Material shown Start Marker
lemma cancellation_power_self:
  assumes s: "s \<noteq> 0" and D: "tree_dist p s > 2 * cancellation p s s" and k: "k \<ge> 1"
  shows "cancellation p s (s ^ k) = cancellation p s s"
proof -
  have "successively (\<lambda>a b. cancellation p a b \<le> cancellation p s s) (replicate k s)"
    by (induct k) (auto simp: successively_Cons elim: successively.elims)
  then have "cancellation p s (prod_list (replicate k s)) = cancellation p s (hd (replicate k s))"
    using ping_pong_prod_list[of "replicate k s" "cancellation p s s"] s D k by auto
  moreover have "hd (replicate k s) = s"
    using k by (cases k) auto
  ultimately show ?thesis
    by simp
qed

lemma tree_dist_power:
  assumes s: "s \<noteq> 0" and D: "tree_dist p s > 2 * cancellation p s s" and k: "k \<ge> 1"
  shows "tree_dist p (s ^ k) = int k * translation_length p s + 2 * cancellation p s s"
  using k
proof (induct k)
  case (Suc k)
  show ?case
  proof (cases "k = 0")
    case False
    then have "tree_dist p (s * s ^ k) = tree_dist p s + tree_dist p (s ^ k) - 2 * cancellation p s s"
      using tree_dist_mult[of s "s ^ k"] cancellation_power_self[OF s D] s by simp
    then show ?thesis
      using Suc False by (simp add: translation_length_def algebra_simps)
  qed (simp add: translation_length_def)
qed simp

lemma gromov_powers:
  assumes s: "s \<noteq> 0" and D: "\<And>k. k \<ge> 1 \<Longrightarrow> tree_dist p (s ^ k) = int k * t + 2 * C"
    and k: "1 \<le> j" "j < k"
  shows "gromov p (s ^ j) (s ^ k) = int j * t + C"
proof -
  have "s ^ k = s ^ j * s ^ (k - j)"
    using k by (simp flip: power_add)
  then have "qconj (s ^ j) * s ^ k = of_int (qnorm (s ^ j)) * s ^ (k - j)"
    by (simp only: qconj_mult_left_cancel)
  then have "tree_dist p (qconj (s ^ j) * s ^ k) = int (k - j) * t + 2 * C"
    using tree_dist_of_int_mult[of "qnorm (s ^ j)" "s ^ (k - j)"] D[of "k - j"] s k by simp
  then have "2 * gromov p (s ^ j) (s ^ k) = (int j * t + 2 * C) + (int k * t + 2 * C) - (int (k - j) * t + 2 * C)"
    using gromov_eq_tree_dist[of "s ^ j" "s ^ k"] D k s by simp
  then show ?thesis
    using k by (simp add: of_nat_diff algebra_simps)
qed

end

section \<open>Powers, scalars and proportionality\<close>

definition scalar :: "hq \<Rightarrow> bool" where
  "scalar x \<longleftrightarrow> q1 x = 0 \<and> q2 x = 0 \<and> q3 x = 0"

definition pure_norm :: "hq \<Rightarrow> int" where
  "pure_norm x = (q1 x)^2 + (q2 x)^2 + (q3 x)^2"

text \<open>\<open>x\<^sup>n = A\<^sub>n + B\<^sub>n (x - Re x)\<close> with \<open>(A\<^sub>n, B\<^sub>n) = pow_coeffs x n\<close>.\<close>

fun pow_coeffs :: "hq \<Rightarrow> nat \<Rightarrow> int \<times> int" where
  "pow_coeffs x 0 = (1, 0)"
| "pow_coeffs x (Suc n) =
     (q0 x * fst (pow_coeffs x n) - pure_norm x * snd (pow_coeffs x n), fst (pow_coeffs x n) + q0 x * snd (pow_coeffs x n))"

lemma scalar_eq_of_int: "scalar x \<Longrightarrow> x = of_int (q0 x)"
  by (simp add: scalar_def hq_eq_iff)

lemma scalar_qconj_iff [simp]: "scalar (qconj x) \<longleftrightarrow> scalar x"
  by (simp add: scalar_def)

lemma power_eq_pow_coeffs:
  "x ^ n = HQ (fst (pow_coeffs x n)) (snd (pow_coeffs x n) * q1 x) (snd (pow_coeffs x n) * q2 x) (snd (pow_coeffs x n) * q3 x)"
proof (induct n)
  case (Suc n)
  have "x ^ Suc n = x ^ n * x"
    by (simp add: power_commutes)
  then show ?case
    using Suc by (simp add: hq_eq_iff pure_norm_def power2_eq_square algebra_simps)
qed (simp add: hq_eq_iff)

lemma pow_coeffs_add:
  "pow_coeffs x (m + n) =
    (fst (pow_coeffs x m) * fst (pow_coeffs x n) - pure_norm x * snd (pow_coeffs x m) * snd (pow_coeffs x n),
     fst (pow_coeffs x m) * snd (pow_coeffs x n) + snd (pow_coeffs x m) * fst (pow_coeffs x n))"
  by (induct n) (simp_all add: algebra_simps)

lemma pow_coeffs_parity:
  "odd (q0 x) \<Longrightarrow> even (pure_norm x) \<Longrightarrow> odd (fst (pow_coeffs x n)) \<and> (odd (snd (pow_coeffs x n)) \<longleftrightarrow> odd n)"
  by (induct n) auto

text \<open>Under the parity hypotheses \<open>A\<^sub>n\<close> is odd, and \<open>B\<^sub>n\<close> is odd for odd \<open>n\<close> while
  \<open>B\<^sub>2\<^sub>n = 2 A\<^sub>n B\<^sub>n\<close>; so no \<open>B\<^sub>n\<close> with \<open>n \<ge> 1\<close> vanishes.\<close>

lemma pow_coeffs_snd_nonzero:
  assumes "odd (q0 x)" "even (pure_norm x)" "n \<ge> 1"
  shows "snd (pow_coeffs x n) \<noteq> 0"
  using assms(3)
proof (induction n rule: less_induct)
  case (less n)
  show ?case
  proof (cases "odd n")
    case False
    then obtain k where k: "n = k + k"
      by (metis evenE mult_2)
    then have "snd (pow_coeffs x k) \<noteq> 0"
      using less by simp
    moreover have "fst (pow_coeffs x k) \<noteq> 0"
      using pow_coeffs_parity[OF assms(1,2), of k] by auto
    ultimately show ?thesis
      unfolding k pow_coeffs_add by simp
  qed (use pow_coeffs_parity[OF assms(1,2), of n] in auto)
qed

lemma not_scalar_power:
  assumes "odd (q0 x)" "even (pure_norm x)" "n \<ge> 1" "\<not> scalar x"
  shows "\<not> scalar (x ^ n)"
  using pow_coeffs_snd_nonzero[OF assms(1-3)] assms(4) unfolding scalar_def power_eq_pow_coeffs by simp

lemma commute_if_power_commute:
  assumes "odd (q0 x)" "even (pure_norm x)" "n \<ge> 1" "x ^ n * y = y * x ^ n"
  shows "x * y = y * x"
proof -
  have "x ^ n * y - y * x ^ n = of_int (snd (pow_coeffs x n)) * (x * y - y * x)"
    unfolding power_eq_pow_coeffs by (simp add: hq_eq_iff algebra_simps)
  then show ?thesis
    using pow_coeffs_snd_nonzero[OF assms(1-3)] assms(4) by simp
qed

lemma commute_qconj_iff: "qconj x * y = y * qconj x \<longleftrightarrow> x * y = y * x"
proof -
  have "qconj x * y - y * qconj x = y * x - x * y"
    by (simp add: hq_eq_iff algebra_simps)
  then show ?thesis
    by (metis eq_iff_diff_eq_0 minus_diff_eq neg_equal_0_iff_equal)
qed

lemma not_anticommute:
  assumes "q0 x \<noteq> 0" "q0 y \<noteq> 0"
  shows "x * y \<noteq> - (y * x)"
proof
  assume anti: "x * y = - (y * x)"
  have "2 * q0 y * qnorm x = q0 x * (q0 (x*y) + q0 (y*x)) + q1 x * (q1 (x*y) + q1 (y*x))
      + q2 x * (q2 (x*y) + q2 (y*x)) + q3 x * (q3 (x*y) + q3 (y*x))"
    unfolding hq_mult_sel qnorm_def power2_eq_square by (simp add: algebra_simps)
  also have "\<dots> = 0"
    using anti by (simp add: hq_eq_iff)
  finally show False
    using assms by auto
qed

text \<open>Proportionality over \<open>\<Q>\<^sup>\<times>\<close>, the kernel of \<open>\<H>(\<Q>)\<^sup>\<times> \<rightarrow> PGL\<^sub>2\<close>.\<close>

definition proportional :: "hq \<Rightarrow> hq \<Rightarrow> bool" where
  "proportional x y \<longleftrightarrow> (\<exists>m n. m \<noteq> 0 \<and> n \<noteq> 0 \<and> of_int m * x = of_int n * y)"

lemma proportional_refl: "proportional x x"
  unfolding proportional_def by (rule exI[of _ 1], rule exI[of _ 1]) simp

lemma proportional_sym: "proportional x y \<Longrightarrow> proportional y x"
  unfolding proportional_def by (metis (no_types))

lemma proportional_trans:
  assumes "proportional x y" "proportional y z"
  shows "proportional x z"
proof -
  obtain m n where 1: "m \<noteq> 0" "n \<noteq> 0" "of_int m * x = of_int n * y"
    using assms(1) proportional_def by blast
  obtain m' n' where 2: "m' \<noteq> 0" "n' \<noteq> 0" "of_int m' * y = of_int n' * z"
    using assms(2) proportional_def by blast
  have "of_int (m' * m) * x = of_int m' * (of_int n * y)"
    using 1(3) by (simp add: mult.assoc)
  also have "\<dots> = of_int n * (of_int m' * y)"
    by (rule mult_of_int_left_commute)
  also have "\<dots> = of_int (n * n') * z"
    using 2(3) by (simp add: mult.assoc)
  finally show ?thesis
    unfolding proportional_def using 1 2 by (intro exI[of _ "m' * m"] exI[of _ "n * n'"]) simp
qed

lemma proportional_mult:
  assumes "proportional x x'" "proportional y y'"
  shows "proportional (x * y) (x' * y')"
proof -
  obtain m n where 1: "m \<noteq> 0" "n \<noteq> 0" "of_int m * x = of_int n * x'"
    using assms(1) proportional_def by blast
  obtain m' n' where 2: "m' \<noteq> 0" "n' \<noteq> 0" "of_int m' * y = of_int n' * y'"
    using assms(2) proportional_def by blast
  have scale: "(of_int a * u) * (of_int b * w) = of_int (a * b) * (u * (w :: hq))" for a b u w
    by (simp only: mult.assoc mult_of_int_left_commute[of u] of_int_mult)
  have "of_int (m * m') * (x * y) = (of_int m * x) * (of_int m' * y)"
    by (simp only: scale)
  also have "\<dots> = of_int (n * n') * (x' * y')"
    by (simp only: 1(3) 2(3) scale)
  finally have "of_int (m * m') * (x * y) = of_int (n * n') * (x' * y')" .
  then show ?thesis
    unfolding proportional_def using 1 2 by (intro exI[of _ "m * m'"] exI[of _ "n * n'"]) simp
qed

lemma proportional_mult_left: "proportional x y \<Longrightarrow> proportional (a * x) (a * y)"
  by (rule proportional_mult[OF proportional_refl])

lemma proportional_mult_right: "proportional x y \<Longrightarrow> proportional (x * a) (y * a)"
  by (rule proportional_mult[OF _ proportional_refl])

lemma proportional_of_int_mult: "c \<noteq> 0 \<Longrightarrow> proportional (of_int c * x) x"
  unfolding proportional_def by (intro exI[of _ 1] exI[of _ c]) simp

lemma proportional_of_int_mult_left_iff: "c \<noteq> 0 \<Longrightarrow> proportional (of_int c * x) y \<longleftrightarrow> proportional x y"
  by (meson proportional_of_int_mult proportional_trans proportional_sym)

lemma proportional_of_int_mult_right_iff: "c \<noteq> 0 \<Longrightarrow> proportional x (of_int c * y) \<longleftrightarrow> proportional x y"
  by (meson proportional_of_int_mult proportional_trans proportional_sym)

lemma proportional_one_iff: "x \<noteq> 0 \<Longrightarrow> proportional x 1 \<longleftrightarrow> scalar x"
proof
  assume "x \<noteq> 0" "scalar x"
  then have "q0 x \<noteq> 0" "of_int 1 * x = of_int (q0 x) * 1"
    by (auto simp: scalar_def hq_eq_iff)
  then show "proportional x 1"
    unfolding proportional_def by (intro exI[of _ 1] exI[of _ "q0 x"]) simp
next
  assume "proportional x 1"
  then obtain m n where "m \<noteq> 0" "of_int m * x = of_int n * 1"
    unfolding proportional_def by blast
  then show "scalar x"
    by (simp add: scalar_def hq_eq_iff)
qed

lemma proportional_same_norm:
  assumes "proportional x y" "qnorm x = qnorm y" "x \<noteq> 0"
  shows "x = y \<or> x = - y"
proof -
  obtain m n where mn: "m \<noteq> 0" "of_int m * x = of_int n * y"
    using assms(1) proportional_def by blast
  have "m^2 * qnorm x = n^2 * qnorm x"
    using arg_cong[OF mn(2), of qnorm] assms(2) by (simp add: qnorm_mult)
  then have "m = n \<or> m = - n"
    using assms(3) by (simp add: power2_eq_iff)
  then show ?thesis
  proof
    assume "m = - n"
    then have "of_int m * (x + y) = 0"
      using mn by (simp add: distrib_left)
    then show ?thesis
      using mn(1) by (simp add: eq_neg_iff_add_eq_0)
  qed (use mn in simp)
qed

lemma commute_if_proportional_commuted:
  assumes "proportional (x * y) (y * x)" "q0 x \<noteq> 0" "q0 y \<noteq> 0"
  shows "x * y = y * x"
proof -
  have "x * y \<noteq> 0"
    using assms(2,3) by auto
  moreover have "qnorm (x * y) = qnorm (y * x)"
    by (simp add: qnorm_mult mult.commute)
  ultimately show ?thesis
    using proportional_same_norm[OF assms(1)] not_anticommute[OF assms(2,3)] by blast
qed

lemma scalar_if_proportional_powers:
  assumes x: "x \<noteq> 0" and ab: "a < b" and xab: "proportional (x ^ a) (x ^ b)"
  shows "scalar (x ^ (b - a))"
proof -
  define N where "N = qnorm (x ^ a)"
  have N: "N \<noteq> 0"
    using x by (simp add: N_def)
  have "x ^ b = x ^ a * x ^ (b - a)"
    using ab by (simp flip: power_add)
  then have "proportional (of_int N * 1) (of_int N * x ^ (b - a))"
    using proportional_mult_left[OF xab, of "qconj (x ^ a)"]
    by (simp only: N_def qconj_mult_self qconj_mult_left_cancel mult_1_right)
  then have "proportional (x ^ (b - a)) 1"
    using proportional_of_int_mult_left_iff[OF N] proportional_of_int_mult_right_iff[OF N] proportional_sym
    by blast
  then show ?thesis
    using proportional_one_iff x by simp
qed

lemma finite_qnorm_le: "finite {y :: hq. qnorm y \<le> B}"
proof -
  have "{y :: hq. qnorm y \<le> B} \<subseteq> (\<lambda>(a,b,c,d). HQ a b c d) ` ({-B..B} \<times> {-B..B} \<times> {-B..B} \<times> {-B..B})"
  proof
    fix y :: hq assume "y \<in> {y. qnorm y \<le> B}"
    then have n: "qnorm y \<le> B" by simp
    have b: "\<bar>t\<bar> \<le> B" if "t^2 \<le> B" for t :: int
    proof -
      have "\<bar>t\<bar> \<le> t^2"
      proof (cases "t = 0")
        case False
        then have "1 \<le> \<bar>t\<bar>" by simp
        then have "\<bar>t\<bar> * 1 \<le> \<bar>t\<bar> * \<bar>t\<bar>" by (intro mult_left_mono) auto
        then show ?thesis by (simp add: power2_eq_square abs_mult_self_eq)
      qed simp
      with that show ?thesis by simp
    qed
    have nn: "0 \<le> (q0 y)^2" "0 \<le> (q1 y)^2" "0 \<le> (q2 y)^2" "0 \<le> (q3 y)^2" by simp_all
    have "(q0 y)^2 \<le> B" "(q1 y)^2 \<le> B" "(q2 y)^2 \<le> B" "(q3 y)^2 \<le> B"
      using n nn unfolding qnorm_def by linarith+
    then have "\<bar>q0 y\<bar> \<le> B" "\<bar>q1 y\<bar> \<le> B" "\<bar>q2 y\<bar> \<le> B" "\<bar>q3 y\<bar> \<le> B" using b by auto
    then show "y \<in> (\<lambda>(a,b,c,d). HQ a b c d) ` ({-B..B} \<times> {-B..B} \<times> {-B..B} \<times> {-B..B})"
      by (intro image_eqI[of _ _ "(q0 y, q1 y, q2 y, q3 y)"]) (auto simp: hq_eq_iff)
  qed
  then show ?thesis by (rule finite_subset) simp
qed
Material shown End Marker
*What to produce*
Return the span of lines in the data above that opens at the line with "using Suc False" and closes at the line with "k s by simp", exactly, ends included, nothing else.

*Response*
      using Suc False by (simp add: translation_length_def algebra_simps)
  qed (simp add: translation_length_def)
qed simp

lemma gromov_powers:
  assumes s: "s \<noteq> 0" and D: "\<And>k. k \<ge> 1 \<Longrightarrow> tree_dist p (s ^ k) = int k * t + 2 * C"
    and k: "1 \<le> j" "j < k"
  shows "gromov p (s ^ j) (s ^ k) = int j * t + C"
proof -
  have "s ^ k = s ^ j * s ^ (k - j)"
    using k by (simp flip: power_add)
  then have "qconj (s ^ j) * s ^ k = of_int (qnorm (s ^ j)) * s ^ (k - j)"
    by (simp only: qconj_mult_left_cancel)
  then have "tree_dist p (qconj (s ^ j) * s ^ k) = int (k - j) * t + 2 * C"
    using tree_dist_of_int_mult[of "qnorm (s ^ j)" "s ^ (k - j)"] D[of "k - j"] s k by simp
  then have "2 * gromov p (s ^ j) (s ^ k) = (int j * t + 2 * C) + (int k * t + 2 * C) - (int (k - j) * t + 2 * C)"
    using gromov_eq_tree_dist[of "s ^ j" "s ^ k"] D k s by simp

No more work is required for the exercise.